### ABOUT THIS EXERCISE
What you return should be each line of the data containing the string "assumes".

****************

lemma AE_eventually_le_of_Linf_norm_le:
  assumes u: "\<And>n. memLp M \<infinity> (u n)"
    and bound: "eventually (\<lambda>n. Lp_norm M \<infinity> (u n) \<le> b) sequentially"
  shows "AE x in M. eventually (\<lambda>n. \<bar>u n x\<bar> \<le> b) sequentially"
proof -
  have "AE x in M. \<forall>n. \<bar>u n x\<bar> \<le> Lp_norm M \<infinity> (u n)"
    using AE_le_Linf_norm[OF u] by (simp add: AE_all_countable)
  then show ?thesis
  proof eventually_elim
    case (elim x)
    from bound show ?case
      by eventually_elim (use elim in \<open>auto intro: order_trans\<close>)
  qed
qed

lemma filterlim_abs_powr_at_top:
  fixes f :: "'b \<Rightarrow> real"
  assumes "0 < q" "filterlim f at_top F"
  shows "filterlim (\<lambda>x. \<bar>f x\<bar> powr q) at_top F"
  unfolding filterlim_at_top
proof
  fix Z :: real
  have "eventually (\<lambda>x. max 0 Z powr (1 / q) \<le> f x) F"
    using assms(2) by (simp add: filterlim_at_top)
  then show "eventually (\<lambda>x. Z \<le> \<bar>f x\<bar> powr q) F"
  proof eventually_elim
    case (elim x)
    have "max 0 Z = (max 0 Z powr (1 / q)) powr q"
      using assms(1) by (simp add: powr_powr)
    also have "\<dots> \<le> \<bar>f x\<bar> powr q"
      using elim assms(1) by (intro powr_mono2) auto
    finally show ?case
      by linarith
  qed
qed

lemma Lp_norm_le_of_eventually_le:
  assumes p: "0 < p" and u: "\<And>n. memLp M p (u n)"
    and lim: "\<And>x. x \<in> space M \<Longrightarrow> (\<lambda>n. u n x) \<longlonglongrightarrow> v x"
    and bound: "eventually (\<lambda>n. Lp_norm M p (u n) \<le> b) sequentially"
  shows "memLp M p v \<and> Lp_norm M p v \<le> b"
proof -
  have [measurable]: "u n \<in> borel_measurable M" for n
    using u by (simp add: memLp_def)
  have v [measurable]: "v \<in> borel_measurable M"
    by (rule borel_measurable_LIMSEQ_real[OF lim]) measurable
  obtain n where "Lp_norm M p (u n) \<le> b"
    using bound by (auto simp: eventually_sequentially)
  then have b: "0 \<le> b"
    using Lp_norm_nonneg order_trans by blast
  show ?thesis
  proof (cases "p = \<infinity>")
    case True
    have "AE x in M. \<bar>v x\<bar> \<le> b"
      using AE_eventually_le_of_Linf_norm_le[OF u[unfolded True] bound[unfolded True]] AE_space
    proof eventually_elim
      case (elim x)
      show ?case
        using lim[OF elim(2)] elim(1) by (intro tendsto_upperbound[OF tendsto_rabs]) auto
    qed
    then show ?thesis
      using memLp_Linf_of_AE_le[OF v] b True by simp
  next
    case False
    define q where "q = enn2real p"
    have q: "0 < q"
      using p False by (simp add: q_def enn2real_positive_iff less_top)
    have "(\<lambda>n. ennreal (\<bar>u n x\<bar> powr q)) \<longlonglongrightarrow> ennreal (\<bar>v x\<bar> powr q)" if "x \<in> space M" for x
      using lim[OF that] q by (intro tendsto_ennrealI tendsto_powr' tendsto_rabs) auto
    then have "(\<integral>\<^sup>+ x. ennreal (\<bar>v x\<bar> powr q) \<partial>M)
        = (\<integral>\<^sup>+ x. liminf (\<lambda>n. ennreal (\<bar>u n x\<bar> powr q)) \<partial>M)"
      by (intro nn_integral_cong lim_imp_Liminf[symmetric]) auto
    also have "\<dots> \<le> ennreal (b powr q)"
      unfolding q_def by (rule nn_integral_liminf_powr_le[OF False p u bound])
    finally show ?thesis
      unfolding q_def by (rule Lp_norm_le_of_nn_integral_le[OF False p v b])
  qed
qed

lemma Lp_norm_unbounded_of_tendsto_at_top:
  assumes M0: "emeasure M (space M) \<noteq> 0" and p: "0 < p" and u: "\<And>n. memLp M p (u n)"
    and lim: "\<And>x. x \<in> space M \<Longrightarrow> filterlim (\<lambda>n. u n x) at_top sequentially"
  shows "\<not> eventually (\<lambda>n. Lp_norm M p (u n) \<le> b) sequentially"
proof
  assume bound: "eventually (\<lambda>n. Lp_norm M p (u n) \<le> b) sequentially"
  show False
  proof (cases "p = \<infinity>")
    case True
    have "AE x in M. False"
      using AE_eventually_le_of_Linf_norm_le[OF u[unfolded True] bound[unfolded True]] AE_space
    proof eventually_elim
      case (elim x)
      have "eventually (\<lambda>n. b < u n x) sequentially"
        using lim[OF elim(2)] by (simp add: filterlim_at_top_dense)
      with elim(1) have "eventually (\<lambda>n. False) sequentially"
        by eventually_elim linarith
      then show False
        by simp
    qed
    then show False
      using M0 ae_filter_eq_bot_iff[of M] by (simp add: eventually_False)
  next
    case False
    define q where "q = enn2real p"
    have "(\<lambda>n. ennreal (\<bar>u n x\<bar> powr q)) \<longlonglongrightarrow> top" if "x \<in> space M" for x
      using p False lim[OF that]
      by (simp add: q_def ennreal_tendsto_top_eq_at_top filterlim_abs_powr_at_top enn2real_positive_iff less_top)
    then have "(\<integral>\<^sup>+ x. top \<partial>M) = (\<integral>\<^sup>+ x. liminf (\<lambda>n. ennreal (\<bar>u n x\<bar> powr q)) \<partial>M)"
      by (intro nn_integral_cong lim_imp_Liminf[symmetric]) auto
    also have "\<dots> \<le> ennreal (b powr q)"
      unfolding q_def by (rule nn_integral_liminf_powr_le[OF False p u bound])
    finally show False
      using M0 by (simp add: ennreal_top_mult top_unique)
  qed
qed

definition nearest_dist :: "(nat \<Rightarrow> real) \<Rightarrow> nat \<Rightarrow> real \<Rightarrow> real" where
  "nearest_dist c k y = Min ((\<lambda>i. \<bar>y - c i\<bar>) ` {..<k})"

definition nearest_index :: "(nat \<Rightarrow> real) \<Rightarrow> nat \<Rightarrow> real \<Rightarrow> nat" where
  "nearest_index c k y = (LEAST i. i < k \<and> \<bar>y - c i\<bar> = nearest_dist c k y)"
(* For any simple undirected graph $G$, $$n_G(\mathcal{L}_5)=\frac12\sum_{st\in E}\big(g_1(s,t)+g_1(t,s)\big),\qquad g_1(s,t)=\sum_{u\in\Gamma(s)\setminus\{t\}}\Big((k_t-1-a_{ut})(k_u-1-a_{ut})+1-|c(t,u)|\Big).$$
   Context: $a_{ij}$ adjacency entries, $k_x$ degree, $\Gamma(x)$ neighbourhood, $c(t,u)=\Gamma(t)\cap\Gamma(u)$. $\mathcal{L}_5$ is the path on 5 vertices; $n_G(F)$ counts (not necessarily induced) subgraphs isomorphic to $F$. *)

theory Defs
  imports Complex_Main
begin

definition simple_graph :: "'a set \<Rightarrow> ('a \<Rightarrow> 'a \<Rightarrow> bool) \<Rightarrow> bool" where
  "simple_graph V adj \<longleftrightarrow> finite V \<and> (\<forall>x y. adj x y \<longrightarrow> adj y x)
     \<and> (\<forall>x. \<not> adj x x) \<and> (\<forall>x y. adj x y \<longrightarrow> x \<in> V \<and> y \<in> V)"

definition nbhd :: "'a set \<Rightarrow> ('a \<Rightarrow> 'a \<Rightarrow> bool) \<Rightarrow> 'a \<Rightarrow> 'a set" where
  "nbhd V adj x = {y \<in> V. adj x y}"

definition deg :: "'a set \<Rightarrow> ('a \<Rightarrow> 'a \<Rightarrow> bool) \<Rightarrow> 'a \<Rightarrow> nat" where
  "deg V adj x = card (nbhd V adj x)"

definition aij :: "('a \<Rightarrow> 'a \<Rightarrow> bool) \<Rightarrow> 'a \<Rightarrow> 'a \<Rightarrow> int" where
  "aij adj x y = (if adj x y then 1 else 0)"

definition common_nbhd :: "'a set \<Rightarrow> ('a \<Rightarrow> 'a \<Rightarrow> bool) \<Rightarrow> 'a \<Rightarrow> 'a \<Rightarrow> 'a set" where
  "common_nbhd V adj t u = nbhd V adj t \<inter> nbhd V adj u"

definition g1 :: "'a set \<Rightarrow> ('a \<Rightarrow> 'a \<Rightarrow> bool) \<Rightarrow> 'a \<Rightarrow> 'a \<Rightarrow> int" where
  "g1 V adj s t = (\<Sum>u \<in> nbhd V adj s - {t}.
      (int (deg V adj t) - 1 - aij adj u t) * (int (deg V adj u) - 1 - aij adj u t)
      + 1 - int (card (common_nbhd V adj t u)))"

text \<open>Subgraphs of G isomorphic to the path L_5 (not necessarily induced). Such a
subgraph has no isolated vertices, so it is determined by its edge set; we collect
the edge sets of all paths on 5 distinct vertices.\<close>
definition L5_subgraphs :: "'a set \<Rightarrow> ('a \<Rightarrow> 'a \<Rightarrow> bool) \<Rightarrow> 'a set set set" where
  "L5_subgraphs V adj = {{{v0, v1}, {v1, v2}, {v2, v3}, {v3, v4}} | v0 v1 v2 v3 v4.
      distinct [v0, v1, v2, v3, v4] \<and> {v0, v1, v2, v3, v4} \<subseteq> V \<and>
      adj v0 v1 \<and> adj v1 v2 \<and> adj v2 v3 \<and> adj v3 v4}"

definition n_L5 :: "'a set \<Rightarrow> ('a \<Rightarrow> 'a \<Rightarrow> bool) \<Rightarrow> nat" where
  "n_L5 V adj = card (L5_subgraphs V adj)"

definition edges :: "'a set \<Rightarrow> ('a \<Rightarrow> 'a \<Rightarrow> bool) \<Rightarrow> 'a set set" where
  "edges V adj = {{s, t} | s t. s \<in> V \<and> t \<in> V \<and> adj s t}"

end

theory Submission
  imports Defs
begin

(* Count the copies of L5 through their vertex sequences [y, u, s, t, x]; every copy is
   traversed by exactly two of them. Fix the middle arc (s, t) and the neighbour u of s:
   the admissible ends (y, x) form (N(u) - {s, t}) x (N(t) - {s, u}) minus its diagonal.
   The two factors have k_u - 1 - a_ut and k_t - 1 - a_ut elements and the diagonal is
   c(t, u) - {s}, so there are g1(s, t) sequences with middle arc (s, t). Summing over
   both orientations of every edge therefore counts each copy twice. *)

lemma card_eq_mult_card_image:
  assumes "finite A" "\<And>x. x \<in> A \<Longrightarrow> card {y \<in> A. f y = f x} = k"
  shows "card A = k * card (f ` A)"
proof -
  have "(\<Sum>x\<in>A. card {b \<in> f ` A. f x = b}) = k * card (f ` A)"
    by (rule sum_multicount) (use assms in auto)
  moreover have "{b \<in> f ` A. f x = b} = {f x}" if "x \<in> A" for x
    using that by auto
  ultimately show ?thesis by simp
qed
(* Let $\phi_1$ and $\phi_2$ be finite sets of clauses with $\phi_1\vdash_{UNIT}\phi_2$. Then there exist translations $\mathcal S_1$ of $\phi_1$ and $\mathcal S_2$ of $\phi_2$ to finite sets of Boolean constraints and literals, and a finite set $\mathcal C$ of Boolean constraints and literals, such that $\mathcal S_1\vdash^{\le 3}_{BOOL}\mathcal S_2\cup\mathcal C$ and $\mathcal C$ semantically follows from $\mathcal S_2$.
   Context: Boolean variables range over $\{0,1\}$. A Boolean constraint is a formal expression of one of the forms $x=y$, $\neg x=y$, $x\wedge y=z$, $x\vee y=z$ with $x,y,z$ distinct Boolean variables, interpreted in the expected way. A literal is a variable $x$ or its negation $\neg x$; $\bar u$ is the complement of $u$. A clause is a (possibly empty) disjunction of distinct literals; a unit clause has one literal; $u\vee Q$ denotes a clause containing literal $u$, with $Q$ the disjunction of the rest. Unit propagation $\phi_1\vdash_{UNIT}\phi_2$: $\phi_2$ is obtained from $\phi_1$ by one step of unit resolution (given unit clause $u$ and clause $\bar u\vee Q$ in the set, replace $\bar u\vee Q$ by $Q$) or unit subsumption (given unit clause $u$ and clause $u\vee Q$, delete $u\vee Q$). Translation of clauses: for a clause $Q$ and variable $z$ define $trans(Q=z)$ by induction on the number of literals of $Q$: if $Q$ is a unit clause, $trans(Q=z):=\{Q=z\}$ (an equality or NOT constraint); $trans(x\vee Q_1=z):=\{x\vee y=z\}\cup trans(Q_1=y)$ with $y$ fresh; $trans(\neg x\vee Q_1=z):=\{\neg x=v,\ v\vee y=z\}\cup trans(Q_1=y)$ with $v,y$ fresh. For a unit clause $u$, $trans(u):=\{u\}$; for a non-unit clause $Q$, $trans(Q):=\{z\}\cup trans(Q=z)$ with $z$ fresh. A translation of a finite set of clauses $\phi$ is obtained by translating each clause separately (with fresh variables distinct across clauses); it depends on the order of literals chosen and the fresh variables. The proof system BOOL consists of the following rules (constraint, premise $\rightarrow$ conclusion; $x,y,z$ schematic, instantiable by any distinct variables): EQU1: $x=y$, $x=1\rightarrow y=1$; EQU2: $x=y$, $y=1\rightarrow x=1$; EQU3: $x=y$, $x=0\rightarrow y=0$; EQU4: $x=y$, $y=0\rightarrow x=0$; NOT1: $\neg x=y$, $x=1\rightarrow y=0$; NOT2: $\neg x=y$, $x=0\rightarrow y=1$; NOT3: $\neg x=y$, $y=1\rightarrow x=0$; NOT4: $\neg x=y$, $y=0\rightarrow x=1$; AND1: $x\wedge y=z$, $x=1,y=1\rightarrow z=1$; AND2: $x\wedge y=z$, $x=1,z=0\rightarrow y=0$; AND3: $x\wedge y=z$, $y=1,z=0\rightarrow x=0$; AND4: $x\wedge y=z$, $x=0\rightarrow z=0$; AND5: $x\wedge y=z$, $y=0\rightarrow z=0$; AND6: $x\wedge y=z$, $z=1\rightarrow x=1,y=1$; OR1: $x\vee y=z$, $x=1\rightarrow z=1$; OR2: $x\vee y=z$, $x=0,y=0\rightarrow z=0$; OR3: $x\vee y=z$, $x=0,z=1\rightarrow y=1$; OR4: $x\vee y=z$, $y=0,z=1\rightarrow x=1$; OR5: $x\vee y=z$, $y=1\rightarrow z=1$; OR6: $x\vee y=z$, $z=0\rightarrow x=0,y=0$. Identify $v=1$ with the literal $v$ and $v=0$ with $\neg v$. A rule with constraint $c$, premise literals $P$, conclusion literals $K$ applies to a finite set $\mathcal S$ of Boolean constraints and literals if $c\in\mathcal S$ and $P\subseteq\mathcal S$; the result is $(\mathcal S\setminus\{c\})\cup K$. $\mathcal S_1\vdash^{\le i}_{BOOL}\mathcal S_2$ means $\mathcal S_2$ is obtained from $\mathcal S_1$ by at most $i$ such applications. A set $\mathcal C$ of Boolean constraints and literals semantically follows from a set $\mathcal S$ if every assignment of $0/1$ values satisfying $\mathcal S$ can be extended (on the variables of $\mathcal C$ not occurring in $\mathcal S$) to an assignment satisfying $\mathcal C$. *)

theory Defs
  imports Main
begin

****************

### RESPONSE
  assumes u: "\<And>n. memLp M \<infinity> (u n)"
  assumes "0 < q" "filterlim f at_top F"
  assumes p: "0 < p" and u: "\<And>n. memLp M p (u n)"
  assumes M0: "emeasure M (space M) \<noteq> 0" and p: "0 < p" and u: "\<And>n. memLp M p (u n)"
  assumes "finite A" "\<And>x. x \<in> A \<Longrightarrow> card {y \<in> A. f y = f x} = k"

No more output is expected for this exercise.